As quase 20 mil páginas que compõem os 63 volumes e 27 anexos do processo 027/2130000696-7 ajudam a contar uma das páginas mais dolorosas da história gaúcha e traduzem a dimensão e a complexidade que alcançou a principal ação que apura as responsabilidades pela tragédia da boate Kiss, em Santa Maria.

Exatos três anos depois do acidente que deixou 242 mortos e mais de 600 feridos, o desfecho do processo criminal está próximo. Acusação e defesa têm até o final de abril para apresentar alegações finais. Depois, o juiz Ulysses Fonseca Louzada decidirá, entre quatro opções, como será o ato seguinte: levar os réus a júri popular, se presentes a materialidade e indícios suficientes de autoria com animus necandi (vontade de matar); impronunciar, caso não se convença de que houve crime ou indício de autoria; absolver; ou, por fim, desclassificar a infração, levando o caso a julgamento monocrático, se verificar a ocorrência de qualquer outro crime que não seja da competência do Tribunal do Júri.

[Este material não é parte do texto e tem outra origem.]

lemma comparable_to_multiples:
  assumes "l > 0"
  obtains K where "1 \<le> K" "\<And>n. v n \<le> K * v (n div l * l)"
    "\<And>n. v ((n div l + 1) * l) \<le> K * v n"
proof
  define K where "K = Max (S ` {..l})"
  have S_le_K: "S i \<le> K" if "i \<le> l" for i
    unfolding K_def using that by (intro Max_ge) auto
  show "1 \<le> K" using S_le_K[of 0] S_ge_one[of 0] by linarith
  show "v n \<le> K * v (n div l * l)" for n
  proof -
    have "v n \<le> S (n mod l) * v (n div l * l)"
      using shift_le[of "n mod l" "n div l * l"] by simp
    also have "\<dots> \<le> K * v (n div l * l)"
      using S_le_K[of "n mod l"] v_ge_one[of "n div l * l"] \<open>l > 0\<close>
      by (intro mult_right_mono) auto
    finally show ?thesis .
  qed
  show "v ((n div l + 1) * l) \<le> K * v n" for n
  proof -
    have "n div l * l + n mod l = n" "n mod l < l"
      using \<open>l > 0\<close> by simp_all
    then have "(n div l + 1) * l = (l - n mod l) + n"
      unfolding distrib_right by linarith
    then have "v ((n div l + 1) * l) \<le> S (l - n mod l) * v n"
      using shift_le[of "l - n mod l" n] by simp
    also have "\<dots> \<le> K * v n"
      using S_le_K[of "l - n mod l"] v_ge_one[of n] by (intro mult_right_mono) auto
    finally show ?thesis .
  qed
qed

lemma root_seq_floor_multiple_le:
  assumes "l > 0" "1 \<le> K" "\<And>n. v n \<le> K * v (n div l * l)"
  shows "eventually (\<lambda>n. root_seq v n
           \<le> (K powr (1 / n) - 1) * (S 1 * v 0) + root_seq v (n div l * l)) sequentially"
  unfolding eventually_sequentially
proof (intro exI allI impI)
  fix n assume "l \<le> n"
  define m where "m = n div l * l"
  have "0 < m" "m \<le> n"
    using \<open>l \<le> n\<close> \<open>l > 0\<close> by (auto simp: m_def div_times_less_eq_dividend div_greater_zero_iff)
  have "root_seq v n \<le> K powr (1 / n) * root_seq v m"
    unfolding root_seq_def
    using \<open>0 < m\<close> \<open>m \<le> n\<close> assms(2) assms(3)[of n, folded m_def] v_ge_one[of n] v_ge_one[of m]
    by (intro powr_le_mult_powr) auto
  also have "\<dots> \<le> root_seq v m + (K powr (1 / n) - 1) * (S 1 * v 0)"
    using assms(2) root_seq_ge_one[OF v_ge_one] root_seq_le
    by (intro mult_le_add_excess) (auto simp: ge_one_powr_ge_zero intro: order_trans[OF zero_le_one])
  finally show "root_seq v n \<le> (K powr (1 / n) - 1) * (S 1 * v 0) + root_seq v (n div l * l)"
    by (simp add: m_def)
qed

lemma root_seq_ceiling_multiple_le:
  assumes "l > 0" "1 \<le> K" "\<And>n. v ((n div l + 1) * l) \<le> K * v n"
  shows "eventually (\<lambda>n. root_seq v ((n div l + 1) * l)
           \<le> (K powr (1 / n) - 1) * (S 1 * v 0) + root_seq v n) sequentially"
  unfolding eventually_sequentially
proof (intro exI allI impI)
  fix n assume "l \<le> n"
  define m where "m = (n div l + 1) * l"
  have "n div l * l + n mod l = n" "n mod l < l"
    using \<open>l > 0\<close> by simp_all
  then have "0 < n" "n \<le> m"
    using \<open>l \<le> n\<close> \<open>l > 0\<close> unfolding m_def distrib_right by linarith+
  have "root_seq v m \<le> K powr (1 / n) * root_seq v n"
    unfolding root_seq_def
    using \<open>0 < n\<close> \<open>n \<le> m\<close> assms(2) assms(3)[of n, folded m_def] v_ge_one[of n] v_ge_one[of m]
    by (intro powr_le_mult_powr) auto
  also have "\<dots> \<le> root_seq v n + (K powr (1 / n) - 1) * (S 1 * v 0)"
    using assms(2) root_seq_ge_one[OF v_ge_one] root_seq_le
    by (intro mult_le_add_excess) (auto simp: ge_one_powr_ge_zero intro: order_trans[OF zero_le_one])
  finally show "root_seq v ((n div l + 1) * l) \<le> (K powr (1 / n) - 1) * (S 1 * v 0) + root_seq v n"
    by (simp add: m_def)
qed

lemma root_seq_multiples_limsup_liminf_eq:
  assumes "l > 0"
  shows "limsup (\<lambda>n. ereal (root_seq v (n * l))) = limsup (\<lambda>n. ereal (root_seq v n))"
    and "liminf (\<lambda>n. ereal (root_seq v (n * l))) = liminf (\<lambda>n. ereal (root_seq v n))"
proof -
  obtain K where K: "1 \<le> K" "\<And>n. v n \<le> K * v (n div l * l)"
    "\<And>n. v ((n div l + 1) * l) \<le> K * v n"
    using comparable_to_multiples[OF assms] by blast
  have "(\<lambda>n. (K powr (1 / real n) - 1) * (S 1 * v 0)) \<longlonglongrightarrow> (K powr 0 - 1) * (S 1 * v 0)"
    using K(1) by (intro tendsto_intros lim_const_over_n) auto
  then have error_to_zero: "(\<lambda>n. (K powr (1 / real n) - 1) * (S 1 * v 0)) \<longlonglongrightarrow> 0"
    using K(1) by simp
  show "limsup (\<lambda>n. ereal (root_seq v (n * l))) = limsup (\<lambda>n. ereal (root_seq v n))"
    by (rule limsup_multiples_eq[OF assms error_to_zero root_seq_floor_multiple_le[OF assms K(1,2)]])
  show "liminf (\<lambda>n. ereal (root_seq v (n * l))) = liminf (\<lambda>n. ereal (root_seq v n))"
    by (rule liminf_multiples_eq[OF assms error_to_zero root_seq_ceiling_multiple_le[OF assms K(1,3)]])
qed

end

São réus no processo Elissandro Callegaro Spohr e Mauro Londero Hoffmann, ex-sócios da boate, e Luciano Augusto Bonilha Leão e Marcelo de Jesus dos Santos, músico e ajudante de palco da banda Gurizada Fandangueira. Eles respondem por homicídio qualificado pelo motivo torpe e emprego de fogo, asfixia ou outro meio insidioso ou cruel que possa resultar perigo comum (242 vezes consumado e 636 vezes tentado).

Juízo técnico
Depois de ouvir mais de 201 pessoas desde abril de 2013, entre vítimas (115), testemunhas (68) e peritos (18), além dos próprios réus, o juiz Louzada avalia que os quase três anos de andamento do processo não são exagerados, mas consequência da complexidade do caso e da exigência da técnica processual.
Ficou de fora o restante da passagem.